> _Dataset entries_
================
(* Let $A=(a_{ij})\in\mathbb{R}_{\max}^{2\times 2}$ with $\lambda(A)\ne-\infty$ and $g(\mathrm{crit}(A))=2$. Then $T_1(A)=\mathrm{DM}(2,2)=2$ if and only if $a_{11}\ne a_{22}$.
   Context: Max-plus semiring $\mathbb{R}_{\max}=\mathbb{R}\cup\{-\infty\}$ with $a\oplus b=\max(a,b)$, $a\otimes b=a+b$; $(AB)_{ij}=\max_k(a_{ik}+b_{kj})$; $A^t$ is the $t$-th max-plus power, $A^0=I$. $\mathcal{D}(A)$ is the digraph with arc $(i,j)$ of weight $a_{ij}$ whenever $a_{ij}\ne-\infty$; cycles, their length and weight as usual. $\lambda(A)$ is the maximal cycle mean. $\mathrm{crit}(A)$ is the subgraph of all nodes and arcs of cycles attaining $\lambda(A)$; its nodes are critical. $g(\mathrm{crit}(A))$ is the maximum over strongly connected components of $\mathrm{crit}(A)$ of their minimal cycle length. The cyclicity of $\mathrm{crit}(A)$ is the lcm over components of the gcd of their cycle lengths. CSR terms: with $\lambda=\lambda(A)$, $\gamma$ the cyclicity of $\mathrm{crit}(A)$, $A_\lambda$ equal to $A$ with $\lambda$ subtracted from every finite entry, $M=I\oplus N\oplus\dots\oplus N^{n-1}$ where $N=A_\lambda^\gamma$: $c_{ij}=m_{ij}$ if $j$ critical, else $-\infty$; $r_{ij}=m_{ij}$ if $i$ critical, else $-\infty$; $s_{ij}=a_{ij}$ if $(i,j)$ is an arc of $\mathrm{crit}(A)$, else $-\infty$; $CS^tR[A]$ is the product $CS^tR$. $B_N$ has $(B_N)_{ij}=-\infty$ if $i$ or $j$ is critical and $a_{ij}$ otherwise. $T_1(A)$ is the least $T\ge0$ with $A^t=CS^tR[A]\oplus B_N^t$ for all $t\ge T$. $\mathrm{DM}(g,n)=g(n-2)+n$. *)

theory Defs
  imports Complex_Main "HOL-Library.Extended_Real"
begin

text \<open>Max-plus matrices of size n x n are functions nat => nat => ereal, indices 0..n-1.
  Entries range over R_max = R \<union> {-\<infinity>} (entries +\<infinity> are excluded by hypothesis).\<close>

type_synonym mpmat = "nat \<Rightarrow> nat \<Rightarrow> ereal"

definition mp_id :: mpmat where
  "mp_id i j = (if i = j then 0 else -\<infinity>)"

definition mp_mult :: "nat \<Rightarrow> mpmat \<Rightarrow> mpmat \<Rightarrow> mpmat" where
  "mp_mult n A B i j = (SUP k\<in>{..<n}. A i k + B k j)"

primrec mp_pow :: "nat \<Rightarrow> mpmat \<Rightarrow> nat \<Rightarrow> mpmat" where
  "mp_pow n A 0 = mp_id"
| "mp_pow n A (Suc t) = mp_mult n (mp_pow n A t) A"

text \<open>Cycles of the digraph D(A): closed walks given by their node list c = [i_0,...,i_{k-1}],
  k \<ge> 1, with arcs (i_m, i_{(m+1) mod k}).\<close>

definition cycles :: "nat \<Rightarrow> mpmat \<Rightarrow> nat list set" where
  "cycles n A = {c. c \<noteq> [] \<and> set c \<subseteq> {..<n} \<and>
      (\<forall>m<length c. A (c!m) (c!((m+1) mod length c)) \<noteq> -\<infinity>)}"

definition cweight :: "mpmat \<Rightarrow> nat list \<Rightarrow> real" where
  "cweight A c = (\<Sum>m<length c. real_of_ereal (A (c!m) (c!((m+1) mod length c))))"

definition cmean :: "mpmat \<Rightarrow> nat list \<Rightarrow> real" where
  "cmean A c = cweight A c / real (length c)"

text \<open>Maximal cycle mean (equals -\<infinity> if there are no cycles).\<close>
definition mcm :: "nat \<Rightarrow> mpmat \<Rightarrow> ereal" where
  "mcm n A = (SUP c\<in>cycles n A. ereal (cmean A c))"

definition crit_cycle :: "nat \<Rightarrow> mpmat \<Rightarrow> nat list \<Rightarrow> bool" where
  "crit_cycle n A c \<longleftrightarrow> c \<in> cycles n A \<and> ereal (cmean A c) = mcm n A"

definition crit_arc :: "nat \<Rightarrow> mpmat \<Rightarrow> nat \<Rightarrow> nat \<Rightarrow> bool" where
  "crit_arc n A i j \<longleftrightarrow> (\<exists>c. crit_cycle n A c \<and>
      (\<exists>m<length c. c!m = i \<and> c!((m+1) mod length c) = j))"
================
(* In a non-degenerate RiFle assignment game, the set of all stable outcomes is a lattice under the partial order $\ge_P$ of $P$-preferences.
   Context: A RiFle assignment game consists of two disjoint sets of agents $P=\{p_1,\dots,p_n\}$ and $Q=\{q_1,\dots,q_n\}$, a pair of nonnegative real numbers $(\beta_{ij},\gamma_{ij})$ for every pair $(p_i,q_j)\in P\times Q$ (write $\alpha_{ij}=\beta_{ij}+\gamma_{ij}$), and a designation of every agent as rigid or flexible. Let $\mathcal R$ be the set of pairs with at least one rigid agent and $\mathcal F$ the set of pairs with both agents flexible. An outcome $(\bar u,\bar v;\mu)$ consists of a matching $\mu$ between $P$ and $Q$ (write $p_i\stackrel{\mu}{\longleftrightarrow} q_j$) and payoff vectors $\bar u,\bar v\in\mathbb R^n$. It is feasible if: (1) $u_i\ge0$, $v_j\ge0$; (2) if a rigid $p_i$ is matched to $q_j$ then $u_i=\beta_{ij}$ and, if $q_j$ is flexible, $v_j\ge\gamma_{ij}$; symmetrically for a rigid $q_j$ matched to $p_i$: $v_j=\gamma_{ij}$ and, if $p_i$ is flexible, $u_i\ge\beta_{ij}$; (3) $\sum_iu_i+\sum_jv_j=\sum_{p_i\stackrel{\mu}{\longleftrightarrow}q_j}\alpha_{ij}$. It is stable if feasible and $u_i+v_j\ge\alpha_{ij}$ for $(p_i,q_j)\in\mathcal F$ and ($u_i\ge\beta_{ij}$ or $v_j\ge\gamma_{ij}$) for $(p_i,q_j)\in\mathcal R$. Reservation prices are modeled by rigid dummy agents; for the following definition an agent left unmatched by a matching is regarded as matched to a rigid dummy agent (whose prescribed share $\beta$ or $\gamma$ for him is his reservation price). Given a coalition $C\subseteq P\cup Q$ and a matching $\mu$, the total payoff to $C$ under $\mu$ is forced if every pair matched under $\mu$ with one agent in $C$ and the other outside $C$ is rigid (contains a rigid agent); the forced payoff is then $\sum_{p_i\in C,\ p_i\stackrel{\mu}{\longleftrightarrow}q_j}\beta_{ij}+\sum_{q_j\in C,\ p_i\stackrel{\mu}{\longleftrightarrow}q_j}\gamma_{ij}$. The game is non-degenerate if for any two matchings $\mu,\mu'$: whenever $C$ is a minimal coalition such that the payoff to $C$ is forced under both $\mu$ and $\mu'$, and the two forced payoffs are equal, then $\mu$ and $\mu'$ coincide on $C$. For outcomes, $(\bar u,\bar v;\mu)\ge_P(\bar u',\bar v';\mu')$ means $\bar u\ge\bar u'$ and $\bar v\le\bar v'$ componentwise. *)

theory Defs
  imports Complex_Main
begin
================
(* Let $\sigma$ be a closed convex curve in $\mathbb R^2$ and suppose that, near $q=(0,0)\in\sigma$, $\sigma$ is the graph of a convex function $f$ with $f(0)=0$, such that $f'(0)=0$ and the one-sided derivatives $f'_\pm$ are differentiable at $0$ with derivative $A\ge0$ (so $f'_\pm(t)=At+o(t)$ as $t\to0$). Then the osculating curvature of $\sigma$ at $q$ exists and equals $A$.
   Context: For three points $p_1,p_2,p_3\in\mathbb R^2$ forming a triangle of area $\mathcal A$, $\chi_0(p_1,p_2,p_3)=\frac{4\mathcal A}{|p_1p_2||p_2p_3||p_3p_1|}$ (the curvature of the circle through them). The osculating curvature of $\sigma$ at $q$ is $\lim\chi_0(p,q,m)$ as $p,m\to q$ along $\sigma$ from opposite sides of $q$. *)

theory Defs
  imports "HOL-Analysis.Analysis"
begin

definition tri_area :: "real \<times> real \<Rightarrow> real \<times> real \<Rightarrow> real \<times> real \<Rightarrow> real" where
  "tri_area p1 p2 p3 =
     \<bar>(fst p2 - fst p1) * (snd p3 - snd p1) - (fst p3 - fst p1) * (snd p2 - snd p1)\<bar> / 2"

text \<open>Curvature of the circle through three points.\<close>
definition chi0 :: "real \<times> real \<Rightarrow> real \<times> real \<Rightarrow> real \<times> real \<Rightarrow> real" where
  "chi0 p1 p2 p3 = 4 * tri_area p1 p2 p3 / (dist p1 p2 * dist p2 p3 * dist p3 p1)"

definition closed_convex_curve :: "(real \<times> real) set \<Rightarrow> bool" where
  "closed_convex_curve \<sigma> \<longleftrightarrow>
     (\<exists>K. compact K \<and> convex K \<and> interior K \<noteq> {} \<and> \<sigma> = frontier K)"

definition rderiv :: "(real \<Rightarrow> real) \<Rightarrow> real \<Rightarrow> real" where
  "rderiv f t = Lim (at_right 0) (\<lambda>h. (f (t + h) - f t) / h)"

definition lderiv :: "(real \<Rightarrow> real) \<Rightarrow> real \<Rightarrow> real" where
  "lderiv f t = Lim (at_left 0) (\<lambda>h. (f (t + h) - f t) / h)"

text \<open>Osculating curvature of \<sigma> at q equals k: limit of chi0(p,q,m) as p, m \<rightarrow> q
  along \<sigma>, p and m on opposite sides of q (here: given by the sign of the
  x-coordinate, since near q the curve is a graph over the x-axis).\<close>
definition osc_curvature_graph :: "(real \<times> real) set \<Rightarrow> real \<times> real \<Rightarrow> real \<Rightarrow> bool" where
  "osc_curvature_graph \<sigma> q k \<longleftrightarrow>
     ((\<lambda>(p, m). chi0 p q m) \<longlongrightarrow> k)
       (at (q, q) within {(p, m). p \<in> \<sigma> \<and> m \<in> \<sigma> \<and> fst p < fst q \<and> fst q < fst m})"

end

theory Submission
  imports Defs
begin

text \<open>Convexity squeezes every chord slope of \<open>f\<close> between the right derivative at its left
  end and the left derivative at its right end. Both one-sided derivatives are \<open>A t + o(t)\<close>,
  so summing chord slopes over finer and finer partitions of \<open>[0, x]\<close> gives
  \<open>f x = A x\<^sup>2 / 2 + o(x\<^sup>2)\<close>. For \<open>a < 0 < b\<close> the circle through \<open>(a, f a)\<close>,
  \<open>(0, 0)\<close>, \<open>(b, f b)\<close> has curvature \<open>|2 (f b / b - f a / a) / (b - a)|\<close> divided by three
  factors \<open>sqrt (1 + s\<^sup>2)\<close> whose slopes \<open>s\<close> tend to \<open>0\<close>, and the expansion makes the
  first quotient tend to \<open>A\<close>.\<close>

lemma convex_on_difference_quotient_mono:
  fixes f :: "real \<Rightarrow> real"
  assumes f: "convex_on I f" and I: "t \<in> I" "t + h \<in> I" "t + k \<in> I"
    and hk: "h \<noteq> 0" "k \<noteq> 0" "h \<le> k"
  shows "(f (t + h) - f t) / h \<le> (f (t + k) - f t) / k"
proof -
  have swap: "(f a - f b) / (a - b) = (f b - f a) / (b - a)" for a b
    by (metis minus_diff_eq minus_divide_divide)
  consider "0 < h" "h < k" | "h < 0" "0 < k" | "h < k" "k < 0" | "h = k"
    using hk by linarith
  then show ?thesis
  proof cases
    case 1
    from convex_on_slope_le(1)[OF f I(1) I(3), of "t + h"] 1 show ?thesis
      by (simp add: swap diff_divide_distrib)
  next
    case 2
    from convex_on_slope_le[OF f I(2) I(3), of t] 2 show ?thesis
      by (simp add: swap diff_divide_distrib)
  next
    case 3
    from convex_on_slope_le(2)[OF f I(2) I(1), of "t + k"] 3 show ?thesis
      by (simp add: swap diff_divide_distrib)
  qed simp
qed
================
> _YOUR GOAL_
Give the count of lines in the entries above that hold the word "plus", with no other words.

> _WRITTEN REPLY_
2